И в этот момент Ю. Трифонов, увлеченный грандиозной панорамой стройки, надолго покидает своего героя. И пока писатель, приняв облик молодого журналиста Корышева, вникает в инженерные тонкости проекта трассы, пока изучает характер своего редактора, пока решает, как ему вести себя с некоей Катей, подругой некоего футболиста Алика, пока занимается сотнями других увлекательных вещей, — Нагаев со своим экскаватором остается где-то на третьем плане, но тревога не покидает нас: что же он такое — Семен Нагаев?
Хорошо. Он работает как зверь. У него — десятки тысяч на книжке. Он хочет купить автомашину.
Дальше?!
Вопрос о цели существования преследует Нагаева; в сущности, это подспудный смысл всех разговоров, которые он ведет с людьми; Нагаев каждый раз неожиданно натыкается на этот вопрос и каждый раз в необычайном раздражении обрывает разговор, словно боясь его. Канал в пустыне? Ему наплевать на это. Его дело выдавать кубы. Деньги на книжке? Это никого не касается, сколько есть — все его. Захочет — пропьет. Захочет — машину купит. «А машина для чего?» — допытывается Марина. «Дурочку-то не ломай, — щурится Нагаев. — Не знаешь, машина для чего?»

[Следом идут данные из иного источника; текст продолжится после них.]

lemma phylo_net_iff_parents:
  assumes "is_dag V E"
  shows "phylo_net V E lab S \<longleftrightarrow>
     card (roots V E) = 1 \<and> bij_betw lab (leaves V E) S \<and>
     (\<forall>v\<in>V. indeg E v \<in> {0,1,2} \<and> outdeg E v \<in> {0,1,2} \<and> indeg E v \<noteq> outdeg E v) \<and>
     (\<forall>v\<in>V. outdeg E v = 2 \<longrightarrow> (\<exists>c\<in>E `` {v}. tree_node E c)) \<and>
     (\<forall>h\<in>{h \<in> snd ` E. hybrid_node E h}. \<forall>u1\<in>E\<inverse> `` {h}. \<forall>u2\<in>E\<inverse> `` {h}.
        u1 \<noteq> u2 \<longrightarrow> (u1, u2) \<notin> E\<^sup>* \<and> (u2, u1) \<notin> E\<^sup>*) \<and>
     (\<forall>u\<in>{h \<in> snd ` E. hybrid_node E h}. \<forall>v\<in>{h \<in> snd ` E. hybrid_node E h}.
        \<forall>u1\<in>E\<inverse> `` {u}. \<forall>u2\<in>E\<inverse> `` {u}. \<forall>v1\<in>E\<inverse> `` {v}. \<forall>v2\<in>E\<inverse> `` {v}.
        u \<noteq> v \<and> u1 \<noteq> u2 \<and> v1 \<noteq> v2 \<and> (u1, v1) \<in> E\<^sup>* \<longrightarrow>
        (v2, u1) \<notin> E\<^sup>* \<and> (v2, u2) \<notin> E\<^sup>*)"
proof -
  have tree_child:
    "(\<forall>v\<in>V. outdeg E v = 2 \<longrightarrow> (\<exists>c. (v, c) \<in> E \<and> tree_node E c)) \<longleftrightarrow>
     (\<forall>v\<in>V. outdeg E v = 2 \<longrightarrow> (\<exists>c\<in>E `` {v}. tree_node E c))"
    by blast
  have parents_incomparable:
    "(\<forall>h u1 u2. hybrid_node E h \<and> (u1, h) \<in> E \<and> (u2, h) \<in> E \<and> u1 \<noteq> u2 \<longrightarrow>
        (u1, u2) \<notin> E\<^sup>* \<and> (u2, u1) \<notin> E\<^sup>*) \<longleftrightarrow>
     (\<forall>h\<in>{h. hybrid_node E h}. \<forall>u1\<in>E\<inverse> `` {h}. \<forall>u2\<in>E\<inverse> `` {h}.
        u1 \<noteq> u2 \<longrightarrow> (u1, u2) \<notin> E\<^sup>* \<and> (u2, u1) \<notin> E\<^sup>*)"
    by blast
  have parents_of_two_hybrids:
    "(\<forall>u u1 u2 v v1 v2. hybrid_node E u \<and> hybrid_node E v \<and> u \<noteq> v \<and>
        (u1, u) \<in> E \<and> (u2, u) \<in> E \<and> u1 \<noteq> u2 \<and>
        (v1, v) \<in> E \<and> (v2, v) \<in> E \<and> v1 \<noteq> v2 \<and> (u1, v1) \<in> E\<^sup>* \<longrightarrow>
        (v2, u1) \<notin> E\<^sup>* \<and> (v2, u2) \<notin> E\<^sup>*) \<longleftrightarrow>
     (\<forall>u\<in>{h. hybrid_node E h}. \<forall>v\<in>{h. hybrid_node E h}.
        \<forall>u1\<in>E\<inverse> `` {u}. \<forall>u2\<in>E\<inverse> `` {u}. \<forall>v1\<in>E\<inverse> `` {v}. \<forall>v2\<in>E\<inverse> `` {v}.
        u \<noteq> v \<and> u1 \<noteq> u2 \<and> v1 \<noteq> v2 \<and> (u1, v1) \<in> E\<^sup>* \<longrightarrow>
        (v2, u1) \<notin> E\<^sup>* \<and> (v2, u2) \<notin> E\<^sup>*)"
    by blast
  show ?thesis
    using assms unfolding phylo_net_def rooted_def labeled_in_def ex1_mem_iff_card_eq_1
      tree_child parents_incomparable parents_of_two_hybrids hybrid_nodes_are_arc_heads
    by (simp only: simp_thms)
qed

lemma class_I_iff_parents:
  "class_I V E \<longleftrightarrow> (\<forall>h\<in>V. hybrid_node E h \<longrightarrow> (\<exists>p\<in>E\<inverse> `` {h}. tree_node E p))"
  by (auto simp: class_I_def)

definition N1_arcs :: "(nat \<times> nat) list" where
  "N1_arcs = [(6,7), (6,10), (7,12), (7,13), (10,1), (10,11), (12,2), (12,14), (13,8), (13,14),
               (8,3), (8,11), (11,9), (14,5), (9,4), (9,5)]"

definition N2_arcs :: "(nat \<times> nat) list" where
  "N2_arcs = [(6,7), (6,10), (7,8), (7,11), (10,12), (10,13), (11,2), (11,12), (13,1), (13,14),
               (8,3), (8,14), (14,9), (12,5), (9,4), (9,5)]"

lemma trancl_N1_arcs: "(set N1_arcs)\<^sup>+ = set
  [(6,1), (6,2), (6,3), (6,4), (6,5), (6,7), (6,8), (6,9), (6,10), (6,11), (6,12), (6,13), (6,14),
   (7,2), (7,3), (7,4), (7,5), (7,8), (7,9), (7,11), (7,12), (7,13), (7,14),
   (8,3), (8,4), (8,5), (8,9), (8,11), (9,4), (9,5), (10,1), (10,4), (10,5), (10,9), (10,11),
   (11,4), (11,5), (11,9), (12,2), (12,5), (12,14), (13,3), (13,4), (13,5), (13,8), (13,9),
   (13,11), (13,14), (14,5)]"
  unfolding set_trancl_list[symmetric] by code_simp

lemma trancl_N2_arcs: "(set N2_arcs)\<^sup>+ = set
  [(6,1), (6,2), (6,3), (6,4), (6,5), (6,7), (6,8), (6,9), (6,10), (6,11), (6,12), (6,13), (6,14),
   (7,2), (7,3), (7,4), (7,5), (7,8), (7,9), (7,11), (7,12), (7,14),
   (8,3), (8,4), (8,5), (8,9), (8,14), (9,4), (9,5), (10,1), (10,4), (10,5), (10,9), (10,12),
   (10,13), (10,14), (11,2), (11,5), (11,12), (12,5), (13,1), (13,4), (13,5), (13,9), (13,14),
   (14,4), (14,5), (14,9)]"
  unfolding set_trancl_list[symmetric] by code_simp

lemma acyclic_N1_arcs: "acyclic (set N1_arcs)"
  unfolding acyclic_irrefl trancl_N1_arcs by code_simp

lemma acyclic_N2_arcs: "acyclic (set N2_arcs)"
  unfolding acyclic_irrefl trancl_N2_arcs by code_simp

lemma is_dag_N1: "is_dag {1..14} (set N1_arcs)"
  using acyclic_N1_arcs by (simp add: is_dag_def N1_arcs_def)

lemma is_dag_N2: "is_dag {1..14} (set N2_arcs)"
  using acyclic_N2_arcs by (simp add: is_dag_def N2_arcs_def)

(* Intervals and set comprehensions are first rewritten into sets of lists,
   which code_simp can evaluate. *)
lemma phylo_net_N1: "phylo_net {1..14} (set N1_arcs) id {1..5::nat}"
  unfolding phylo_net_iff_parents[OF is_dag_N1]
  by (simp only: roots_def leaves_def indeg_eq_card_Image outdeg_eq_card_Image
      tree_node_def[abs_def] hybrid_node_def[abs_def] rtrancl_eq_or_trancl trancl_N1_arcs
      atLeastAtMost_upt Set.filter_eq[symmetric]) code_simp

lemma phylo_net_N2: "phylo_net {1..14} (set N2_arcs) id {1..5::nat}"
  unfolding phylo_net_iff_parents[OF is_dag_N2]
  by (simp only: roots_def leaves_def indeg_eq_card_Image outdeg_eq_card_Image
      tree_node_def[abs_def] hybrid_node_def[abs_def] rtrancl_eq_or_trancl trancl_N2_arcs
      atLeastAtMost_upt Set.filter_eq[symmetric]) code_simp

lemma class_I_N1: "class_I {1..14} (set N1_arcs)"
  unfolding class_I_iff_parents
  by (simp only: indeg_eq_card_Image tree_node_def[abs_def] hybrid_node_def[abs_def]
      atLeastAtMost_upt) code_simp

lemma class_I_N2: "class_I {1..14} (set N2_arcs)"
  unfolding class_I_iff_parents
  by (simp only: indeg_eq_card_Image tree_node_def[abs_def] hybrid_node_def[abs_def]
      atLeastAtMost_upt) code_simp

lemma thetaAB_N1_eq_N2:
  "thetaAB {1..14} (set N1_arcs) id {1..5::nat} = thetaAB {1..14} (set N2_arcs) id {1..5}"
  unfolding thetaAB_def theta_arc_def[abs_def] Aset_def Bset_def Cset_def hyb_weight_def
  by (simp only: paths_eq_paths_from[OF acyclic_N1_arcs] paths_eq_paths_from[OF acyclic_N2_arcs]
      roots_def leaves_def indeg_eq_card_Image outdeg_eq_card_Image hybrid_node_def[abs_def]
      rtrancl_eq_or_trancl trancl_N1_arcs trancl_N2_arcs prod.case atLeastAtMost_upt
      Set.filter_eq[symmetric]) code_simp

lemma leaves_N1: "leaves {1..14} (set N1_arcs) = {1..5}"
  by (simp only: leaves_def outdeg_eq_card_Image atLeastAtMost_upt Set.filter_eq[symmetric])
    code_simp

lemma not_net_iso_N1_N2:
  "\<not> net_iso {1..14} (set N1_arcs) id {1..14} (set N2_arcs) (id :: nat \<Rightarrow> nat)"
proof
  assume "net_iso {1..14} (set N1_arcs) id {1..14} (set N2_arcs) (id :: nat \<Rightarrow> nat)"
  then obtain f where bij: "bij_betw f {1..14} {1..14::nat}"
    and arcs: "\<forall>u\<in>{1..14}. \<forall>v\<in>{1..14}. (u, v) \<in> set N1_arcs \<longleftrightarrow> (f u, f v) \<in> set N2_arcs"
    and fixes_leaves: "\<forall>s\<in>{1..5}. f s = s"
    unfolding net_iso_def leaves_N1 by auto
  have preimage: "\<exists>x\<in>{1..14}. f x = y" if "y \<in> {1..14}" for y
    using bij_betw_imp_surj_on[OF bij] that by (metis imageE)
  obtain g where "g \<in> {1..14}" "f g = 10" using preimage[of 10] by auto
  moreover obtain a where "a \<in> {1..14}" "f a = 13" using preimage[of 13] by auto
  moreover obtain b where "b \<in> {1..14}" "f b = 12" using preimage[of 12] by auto
  moreover have "f 1 = 1" "f 5 = 5"
    using fixes_leaves by simp_all
  ultimately have "(g, a) \<in> set N1_arcs" "(a, 1) \<in> set N1_arcs"
    and "(g, b) \<in> set N1_arcs" "(b, 5) \<in> set N1_arcs"
    using arcs by (auto simp: N2_arcs_def)
  then show False
    by (auto simp: N1_arcs_def)
qed

theorem mainTheorem1:
  shows "\<exists>(V1 :: nat set) E1 (l1 :: nat \<Rightarrow> nat) (V2 :: nat set) E2 (l2 :: nat \<Rightarrow> nat).
     phylo_net V1 E1 l1 {1..5} \<and> class_I V1 E1 \<and>
     phylo_net V2 E2 l2 {1..5} \<and> class_I V2 E2 \<and>
     \<not> net_iso V1 E1 l1 V2 E2 l2 \<and>
     thetaAB V1 E1 l1 {1..5} = thetaAB V2 E2 l2 {1..5}"
  using phylo_net_N1 class_I_N1 phylo_net_N2 class_I_N2 not_net_iso_N1_N2 thetaAB_N1_eq_N2
  by blast

end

А ведь Нагаев не знает, для чего ему все это. Он боится рассуждать на такие темы, потому что они выдают самую больную его, самую запрятанную, от себя скрытую думу: он никому не нужен. В самом деле, зачем Нагаеву деньги? Ни один из традиционных пороков ему не свойствен: вино он пьет крайне редко, женщинами «не интересуется», в город развлекаться не ездит: он «на такие пустяки времени не тратил». Что же для него не пустяки? Где сердцевина, ядро характера?
Однажды Нагаев рассказал Марине (это было в момент, когда он отходил после обморока, был обессилен и жалок), что у него «полдома в Дмитрове» и взрослая дочь от первого, довоенного брака… Почему разошлись? Вернулся с войны, узнал приятную новость: жена другого нашла, одного завгара… «И ничего удивительного! — горестно обрубает Нагаев. — Пришел я гол как сокол… А он ей в войну помогал крепко…» — «А для чего ты мотаешься по стройкам, Семеныч?» Нагаев искоса и удивленно взглядывает на Марину. «Да так… Ты ведь глупая, жизни не знаешь. Не видела ничего, кроме песков да пылюки. А какие леса в России! Реки… А дожди какие… Там, в Дмитрове, полдома мои. Когда захочу, вернусь. Да только чего там делать? Не могу я там…»
Не могу я там!
Так разваливается и эта скорлупа стяжателя. Напрасно самому Нагаеву она казалась такой непробиваемой, напрасно он хотел защититься ею от жизни, когда жизнь ударила его самым страшным — изменой. Тут — ядро нагаевской драмы. Деньги— это чтоб не унижаться и не зависеть? А работа, жестокая работа, озверелая, до обмороков работа — это чтоб себя забыть? Чтобы не думать, Семеныч?
Трифонов замечает: «Нагаев пил вино редко… Он не пьянел, не орал песен, не лез в драку, но настроение у него портилось, и он наливался раздражением. Когда Нагаев бывал пьян, ему всегда хотелось спорить».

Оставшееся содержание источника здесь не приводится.